What is obscure about the object of desire--the 
maid who refuses to make love and comes up with 
endless excuses--is that she seems to have some 
independence, but for what reason we do not see. 
On the surface, she appears obsessed with showing 
that she is independent of the man who has much 
more money. Yet such displays of "independence" 
are themselves reactions to economic inequality 
and questionable even in their best form.

For MIM, the film is realistic but dangerously 
subtle. We could say that Conchita is obscure 
because she is tied up with terrorists or 
gangsters, and merely keeps a secret, but that 
would not fully answer why she does what she does.
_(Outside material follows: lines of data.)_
(* Let $\alpha\ge-1$ and $A\subseteq\mathbb{N}$. Then the set of all cluster points of the sequence $\left(\frac{A_\alpha(n)}{\mathbb{N}_\alpha(n)}\right)_{n\ge1}$ is the whole interval $[\underline{d}_\alpha(A),\overline{d}_\alpha(A)]$.
   Context: $\mathbb{N}=\{1,2,3,\dots\}$. For $\alpha\ge-1$ and $A\subseteq\mathbb{N}$ put $A_\alpha(n)=\sum_{k=1}^n\chi_A(k)k^\alpha$ (so $\mathbb{N}_\alpha(n)=\sum_{k=1}^nk^\alpha$), $\underline{d}_\alpha(A)=\liminf_{n\to\infty}\frac{A_\alpha(n)}{\mathbb{N}_\alpha(n)}$ and $\overline{d}_\alpha(A)=\limsup_{n\to\infty}\frac{A_\alpha(n)}{\mathbb{N}_\alpha(n)}$. *)

theory Defs
  imports "HOL-Analysis.Analysis"
begin

definition wcount :: "real \<Rightarrow> nat set \<Rightarrow> nat \<Rightarrow> real" where
  "wcount \<alpha> A n = (\<Sum>k\<in>{1..n}. (if k \<in> A then real k powr \<alpha> else 0))"

definition wratio :: "real \<Rightarrow> nat set \<Rightarrow> nat \<Rightarrow> real" where
  "wratio \<alpha> A n = wcount \<alpha> A n / wcount \<alpha> UNIV n"

definition lower_dens :: "real \<Rightarrow> nat set \<Rightarrow> ereal" where
  "lower_dens \<alpha> A = liminf (\<lambda>n. ereal (wratio \<alpha> A n))"

definition upper_dens :: "real \<Rightarrow> nat set \<Rightarrow> ereal" where
  "upper_dens \<alpha> A = limsup (\<lambda>n. ereal (wratio \<alpha> A n))"

definition cluster_point :: "(nat \<Rightarrow> real) \<Rightarrow> real \<Rightarrow> bool" where
  "cluster_point x L \<longleftrightarrow> (\<forall>\<epsilon>>0. \<forall>N. \<exists>n\<ge>N. \<bar>x n - L\<bar> < \<epsilon>)"

end

theory Submission
  imports Defs
begin

text \<open>
  Consecutive ratios differ by at most the share \<open>(n+1)\<^sup>\<alpha> / N\<^sub>\<alpha>(n+1)\<close> of the newest
  term, and this share is \<open>O(1/n)\<close> for every real \<open>\<alpha>\<close>: compare \<open>N\<^sub>\<alpha>(m)\<close> with the upper
  half of its terms when \<open>\<alpha> \<ge> 0\<close>, and with \<open>m\<close> copies of its smallest term when \<open>\<alpha> < 0\<close>. A real sequence whose steps tend to \<open>0\<close> and
  which is infinitely often below \<open>L + \<epsilon>\<close> and infinitely often above \<open>L - \<epsilon>\<close> must pass
  within \<open>\<epsilon>\<close> of \<open>L\<close> infinitely often, so every level between the lower and upper limit
  is a cluster point; the converse inclusion holds for every sequence.
\<close>

lemma cluster_point_iff_frequently:
  "cluster_point x L \<longleftrightarrow> (\<forall>e>0. \<exists>\<^sub>F n in sequentially. \<bar>x n - L\<bar> < e)"
  by (simp add: cluster_point_def frequently_sequentially)

lemma liminf_le_cluster_point:
  fixes x :: "nat \<Rightarrow> real"
  assumes "cluster_point x L"
  shows "liminf (\<lambda>n. ereal (x n)) \<le> ereal L"
proof (rule ccontr)
  assume "\<not> ?thesis"
  then obtain r where r: "ereal L < ereal r" "ereal r < liminf (\<lambda>n. ereal (x n))"
    using ereal_dense2 not_le by metis
  have "\<exists>\<^sub>F n in sequentially. \<bar>x n - L\<bar> < r - L"
    using assms r(1) by (simp add: cluster_point_iff_frequently)
  moreover have "\<forall>\<^sub>F n in sequentially. r < x n"
    using r(2) less_LiminfD by fastforce
  ultimately have "\<exists>\<^sub>F n in sequentially. r < x n \<and> \<bar>x n - L\<bar> < r - L"
    by (rule frequently_eventually_conj)
  then show False
    by (auto dest: frequently_ex)
qed

lemma cluster_point_le_limsup:
  fixes x :: "nat \<Rightarrow> real"
  assumes "cluster_point x L"
  shows "ereal L \<le> limsup (\<lambda>n. ereal (x n))"
proof (rule ccontr)
  assume "\<not> ?thesis"
  then obtain r where r: "limsup (\<lambda>n. ereal (x n)) < ereal r" "ereal r < ereal L"
    using ereal_dense2 not_le by metis
  have "\<exists>\<^sub>F n in sequentially. \<bar>x n - L\<bar> < L - r"
    using assms r(2) by (simp add: cluster_point_iff_frequently)
  moreover have "\<forall>\<^sub>F n in sequentially. x n < r"
    using r(1) Limsup_lessD by fastforce
  ultimately have "\<exists>\<^sub>F n in sequentially. x n < r \<and> \<bar>x n - L\<bar> < L - r"
    by (rule frequently_eventually_conj)
  then show False
    by (auto dest: frequently_ex)
qed

lemma frequently_less_if_liminf_less:
  fixes x :: "nat \<Rightarrow> real"
  assumes "liminf (\<lambda>n. ereal (x n)) < ereal c"
  shows "\<exists>\<^sub>F n in sequentially. x n < c"
  using assms Liminf_bounded[where F = sequentially and X = "\<lambda>n. ereal (x n)" and C = "ereal c"]
  by (auto simp: frequently_def not_less)

lemma frequently_greater_if_less_limsup:
  fixes x :: "nat \<Rightarrow> real"
  assumes "ereal c < limsup (\<lambda>n. ereal (x n))"
  shows "\<exists>\<^sub>F n in sequentially. c < x n"
  using assms Limsup_bounded[where F = sequentially and X = "\<lambda>n. ereal (x n)" and C = "ereal c"]
  by (auto simp: frequently_def not_less)

lemma small_steps_reach_level:
  fixes x :: "nat \<Rightarrow> real"
  assumes "m \<le> n" "x m \<le> c" "c \<le> x n" "0 < e"
    and "\<And>k. m \<le> k \<Longrightarrow> k < n \<Longrightarrow> \<bar>x (Suc k) - x k\<bar> < e"
  shows "\<exists>k\<in>{m..n}. \<bar>x k - c\<bar> < e"
  using assms
proof (induction n)
  case 0
  then show ?case by auto
next
  case (Suc n)
  show ?case
  proof (cases "m = Suc n")
    case True
    then show ?thesis using Suc.prems by auto
  next
    case False
    with Suc.prems have "m \<le> n" by auto
    show ?thesis
    proof (cases "c \<le> x n")
      case True
      then show ?thesis
        using Suc.IH[OF \<open>m \<le> n\<close>] Suc.prems by fastforce
    next
      case False
      then have "\<bar>x (Suc n) - c\<bar> < e"
        using Suc.prems(2-4) Suc.prems(5)[of n] \<open>m \<le> n\<close> by auto
      then show ?thesis using \<open>m \<le> n\<close> by auto
    qed
  qed
qed

lemma cluster_point_iff_between_liminf_limsup:
  fixes x :: "nat \<Rightarrow> real"
  assumes steps: "(\<lambda>n. x (Suc n) - x n) \<longlonglongrightarrow> 0"
  shows "cluster_point x L \<longleftrightarrow>
    liminf (\<lambda>n. ereal (x n)) \<le> ereal L \<and> ereal L \<le> limsup (\<lambda>n. ereal (x n))"
proof
  assume "cluster_point x L"
  then show "liminf (\<lambda>n. ereal (x n)) \<le> ereal L \<and> ereal L \<le> limsup (\<lambda>n. ereal (x n))"
    using liminf_le_cluster_point cluster_point_le_limsup by blast
next
  assume bounds: "liminf (\<lambda>n. ereal (x n)) \<le> ereal L \<and> ereal L \<le> limsup (\<lambda>n. ereal (x n))"
  show "cluster_point x L"
    unfolding cluster_point_def
  proof (intro allI impI)
    fix e :: real and N :: nat
    assume "0 < e"
    obtain M0 where "\<And>k. M0 \<le> k \<Longrightarrow> \<bar>x (Suc k) - x k\<bar> < e"
      using steps \<open>0 < e\<close> by (auto simp: LIMSEQ_iff)
    then obtain M where M: "N \<le> M" "\<And>k. M \<le> k \<Longrightarrow> \<bar>x (Suc k) - x k\<bar> < e"
      by (metis max.cobounded1 max.cobounded2 order_trans)
    have "ereal L < ereal (L + e)" "ereal (L - e) < ereal L"
      using \<open>0 < e\<close> by simp_all
    then have "liminf (\<lambda>n. ereal (x n)) < ereal (L + e)" "ereal (L - e) < limsup (\<lambda>n. ereal (x n))"
      using bounds by (meson le_less_trans less_le_trans)+
    then have "\<exists>\<^sub>F n in sequentially. x n < L + e" "\<exists>\<^sub>F n in sequentially. L - e < x n"
      by (simp_all add: frequently_less_if_liminf_less frequently_greater_if_less_limsup)
    then obtain n1 n2 where n1: "M \<le> n1" "x n1 < L + e" and n2: "M \<le> n2" "L - e < x n2"
      unfolding frequently_sequentially by blast
    show "\<exists>n\<ge>N. \<bar>x n - L\<bar> < e"
    proof (cases "\<bar>x n1 - L\<bar> < e \<or> \<bar>x n2 - L\<bar> < e")
      case True
      then show ?thesis using n1(1) n2(1) M(1) by (meson order_trans)
    next
      case False
      then have "x n1 \<le> L" "L \<le> x n2" using n1 n2 by auto
      consider "n1 \<le> n2" | "n2 \<le> n1" by linarith
      then obtain k where "min n1 n2 \<le> k" "\<bar>x k - L\<bar> < e"
      proof cases
        case 1
        have "\<And>k. n1 \<le> k \<Longrightarrow> k < n2 \<Longrightarrow> \<bar>x (Suc k) - x k\<bar> < e"
          using M(2) n1(1) by auto
        then obtain k where "k \<in> {n1..n2}" "\<bar>x k - L\<bar> < e"
          using small_steps_reach_level[of n1 n2 x L e] 1 \<open>x n1 \<le> L\<close> \<open>L \<le> x n2\<close> \<open>0 < e\<close>
          by blast
        then show ?thesis using that by auto
      next
        case 2
        have "\<And>k. n2 \<le> k \<Longrightarrow> k < n1 \<Longrightarrow> \<bar>- x (Suc k) - - x k\<bar> < e"
          using M(2) n2(1) by (simp add: abs_minus_commute)
        then obtain k where "k \<in> {n2..n1}" "\<bar>- x k - - L\<bar> < e"
          using small_steps_reach_level[of n2 n1 "\<lambda>k. - x k" "- L" e] 2
            \<open>x n1 \<le> L\<close> \<open>L \<le> x n2\<close> \<open>0 < e\<close>
          by auto
        then show ?thesis using that by (auto simp: abs_minus_commute)
      qed
      moreover have "N \<le> min n1 n2" using n1(1) n2(1) M(1) by simp
      ultimately show ?thesis by (meson order_trans)
    qed
  qed
qed

lemma wcount_Suc:
  "wcount \<alpha> A (Suc n) = wcount \<alpha> A n + (if Suc n \<in> A then real (Suc n) powr \<alpha> else 0)"
  by (simp add: wcount_def)

lemma wcount_nonneg: "0 \<le> wcount \<alpha> A n"
  unfolding wcount_def by (rule sum_nonneg) auto

lemma wcount_le_wcount_UNIV: "wcount \<alpha> A n \<le> wcount \<alpha> UNIV n"
  unfolding wcount_def by (rule sum_mono) auto

lemma wcount_UNIV_lower_bound_nonneg:
  assumes "0 \<le> \<alpha>"
  shows "real m * real m powr \<alpha> \<le> 2 powr (\<alpha> + 1) * wcount \<alpha> UNIV m"
proof (cases "m = 0")
  case True
  then show ?thesis by (simp add: wcount_def)
next
  case False
  define K where "K = {m - m div 2..m}"
  have "m \<le> 2 * card K"
    unfolding K_def by simp
  then have "real m / 2 \<le> real (card K)"
    by linarith
  then have "real m / 2 * (real m / 2) powr \<alpha> \<le> real (card K) * (real m / 2) powr \<alpha>"
    by (rule mult_right_mono) simp
  also have "\<dots> \<le> (\<Sum>k\<in>K. real k powr \<alpha>)"
    by (rule sum_bounded_below, rule powr_mono2) (auto simp: K_def assms)
  also have "\<dots> \<le> (\<Sum>k\<in>{1..m}. real k powr \<alpha>)"
    using False by (intro sum_mono2) (auto simp: K_def)
  also have "\<dots> = wcount \<alpha> UNIV m"
    by (simp add: wcount_def)
  finally have "real m / 2 * (real m / 2) powr \<alpha> \<le> wcount \<alpha> UNIV m" .
  moreover have "real m / 2 * (real m / 2) powr \<alpha> = real m * real m powr \<alpha> / 2 powr (\<alpha> + 1)"
    by (simp add: powr_divide powr_add)
  ultimately show ?thesis
    by (simp add: divide_le_eq mult.commute)
qed

lemma wcount_UNIV_lower_bound_nonpos:
  assumes "\<alpha> \<le> 0"
  shows "real m * real m powr \<alpha> \<le> wcount \<alpha> UNIV m"
proof -
  have "real m * real m powr \<alpha> = (\<Sum>k\<in>{1..m}. real m powr \<alpha>)"
    by simp
  also have "\<dots> \<le> (\<Sum>k\<in>{1..m}. real k powr \<alpha>)"
    by (intro sum_mono powr_mono2') (use assms in auto)
  finally show ?thesis
    by (simp add: wcount_def)
qed

lemma powr_div_wcount_UNIV_le:
  assumes "0 < m"
  shows "real m powr \<alpha> / wcount \<alpha> UNIV m \<le> max 1 (2 powr (\<alpha> + 1)) / real m"
proof -
  have "real m * real m powr \<alpha> \<le> max 1 (2 powr (\<alpha> + 1)) * wcount \<alpha> UNIV m"
  proof (cases "0 \<le> \<alpha>")
    case True
    have "2 powr (\<alpha> + 1) * wcount \<alpha> UNIV m \<le> max 1 (2 powr (\<alpha> + 1)) * wcount \<alpha> UNIV m"
      by (intro mult_right_mono) (simp_all add: wcount_nonneg)
    then show ?thesis
      using wcount_UNIV_lower_bound_nonneg[OF True, of m] by linarith
  next
    case False
    have "wcount \<alpha> UNIV m \<le> max 1 (2 powr (\<alpha> + 1)) * wcount \<alpha> UNIV m"
      using mult_right_mono[of 1 "max 1 (2 powr (\<alpha> + 1))"] by (simp add: wcount_nonneg)
    then show ?thesis
      using wcount_UNIV_lower_bound_nonpos[of \<alpha> m] False by linarith
  qed
  moreover have "0 < wcount \<alpha> UNIV m"
    using assms unfolding wcount_def by (intro sum_pos) auto
  ultimately show ?thesis
    using assms by (simp add: field_simps)
qed

lemma abs_add_frac_diff_le:
  fixes a b c w :: real
  assumes "0 \<le> a" "a \<le> b" "0 \<le> c" "c \<le> w" "0 < w"
  shows "\<bar>(a + c) / (b + w) - a / b\<bar> \<le> w / (b + w)"
proof (cases "b = 0")
  case True
  then show ?thesis using assms by auto
next
  case False
  with assms have "0 < b" by auto
  have "\<bar>c * b - a * w\<bar> \<le> w * b"
  proof -
    have "c * b \<le> w * b" "a * w \<le> b * w"
      using assms \<open>0 < b\<close> by (simp_all add: mult_right_mono)
    moreover have "0 \<le> c * b" "0 \<le> a * w"
      using assms \<open>0 < b\<close> by simp_all
    ultimately show ?thesis
      by (simp only: abs_le_iff mult.commute[of b w]) linarith
  qed
  have "(a + c) / (b + w) - a / b = (c * b - a * w) / (b * (b + w))"
    using \<open>0 < b\<close> assms by (simp add: field_simps)
  also have "\<bar>\<dots>\<bar> = \<bar>c * b - a * w\<bar> / (b * (b + w))"
    using \<open>0 < b\<close> assms by simp
  also have "\<dots> \<le> w * b / (b * (b + w))"
    using \<open>\<bar>c * b - a * w\<bar> \<le> w * b\<close> \<open>0 < b\<close> assms by (intro divide_right_mono) simp_all
  also have "\<dots> = w / (b + w)"
    using \<open>0 < b\<close> by simp
  finally show ?thesis .
qed

lemma wratio_step_le:
  "\<bar>wratio \<alpha> A (Suc n) - wratio \<alpha> A n\<bar> \<le> real (Suc n) powr \<alpha> / wcount \<alpha> UNIV (Suc n)"
  unfolding wratio_def wcount_Suc[of \<alpha> A] wcount_Suc[of \<alpha> UNIV] if_P[OF UNIV_I]
  by (rule abs_add_frac_diff_le) (auto simp: wcount_nonneg wcount_le_wcount_UNIV)

lemma wratio_steps_tendsto_zero:
  "(\<lambda>n. wratio \<alpha> A (Suc n) - wratio \<alpha> A n) \<longlonglongrightarrow> 0"
proof (rule Lim_null_comparison)
  show "\<forall>\<^sub>F n in sequentially.
    norm (wratio \<alpha> A (Suc n) - wratio \<alpha> A n) \<le> max 1 (2 powr (\<alpha> + 1)) / real (Suc n)"
  proof (intro always_eventually allI)
    fix n
    have "norm (wratio \<alpha> A (Suc n) - wratio \<alpha> A n) \<le> real (Suc n) powr \<alpha> / wcount \<alpha> UNIV (Suc n)"
      using wratio_step_le by simp
    also have "\<dots> \<le> max 1 (2 powr (\<alpha> + 1)) / real (Suc n)"
      by (rule powr_div_wcount_UNIV_le) simp
    finally show "norm (wratio \<alpha> A (Suc n) - wratio \<alpha> A n) \<le> max 1 (2 powr (\<alpha> + 1)) / real (Suc n)" .
  qed
  show "(\<lambda>n. max 1 (2 powr (\<alpha> + 1)) / real (Suc n)) \<longlonglongrightarrow> 0"
    by (rule LIMSEQ_Suc) (rule lim_const_over_n)
qed

theorem lemma4p1:
  fixes \<alpha> :: real and A :: "nat set"
  assumes "\<alpha> \<ge> -1"
  shows "{L. cluster_point (wratio \<alpha> A) L} =
         {L. lower_dens \<alpha> A \<le> ereal L \<and> ereal L \<le> upper_dens \<alpha> A}"
  unfolding lower_dens_def upper_dens_def
  using cluster_point_iff_between_liminf_limsup[OF wratio_steps_tendsto_zero] by simp

end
Mathieu himself says in the film that Conchita 
could get much more money from him than he has 
given, so he rules out that the relationship is 
just about money. On the other hand, perhaps 
Conchita has simply decided to "string along" 
Mathieu in order to get more money on a long-term 
basis. Not surprisingly, Conchita manages to play 
the "virgin" Catholic role at first and ends up 
making money as a nude dancer later.

In real life, there are many reasons that wimmin 
behave like Conchita, so it does not have to be 
for money or for a terrorist cause directly. 
Nonetheless, we at MIM would like to see how many 
relationships like this one would continue to 
exist in a society with no commodity relations. 
Even people who do not need money or a terrorist 
cause will sometimes act as if they do because of 
what is happening in society-at-large.

Some will condemn both characters and some will 
imitate them--that is the problem with treating 
this subject in the manner Bunuel did without 
clear heroes and villains. On the other hand, it 
is in realities such as we see in this film that 
we can do the most to practice clarity on gender 
questions. Again we give this film a thumbs up for 
cutting through the crap to the essence of how 
capitalism twists humyn relationships. We suggest 
to our readers not to root for either character: 
the relationship is too twisted for either 
character or gender to fix without revolution.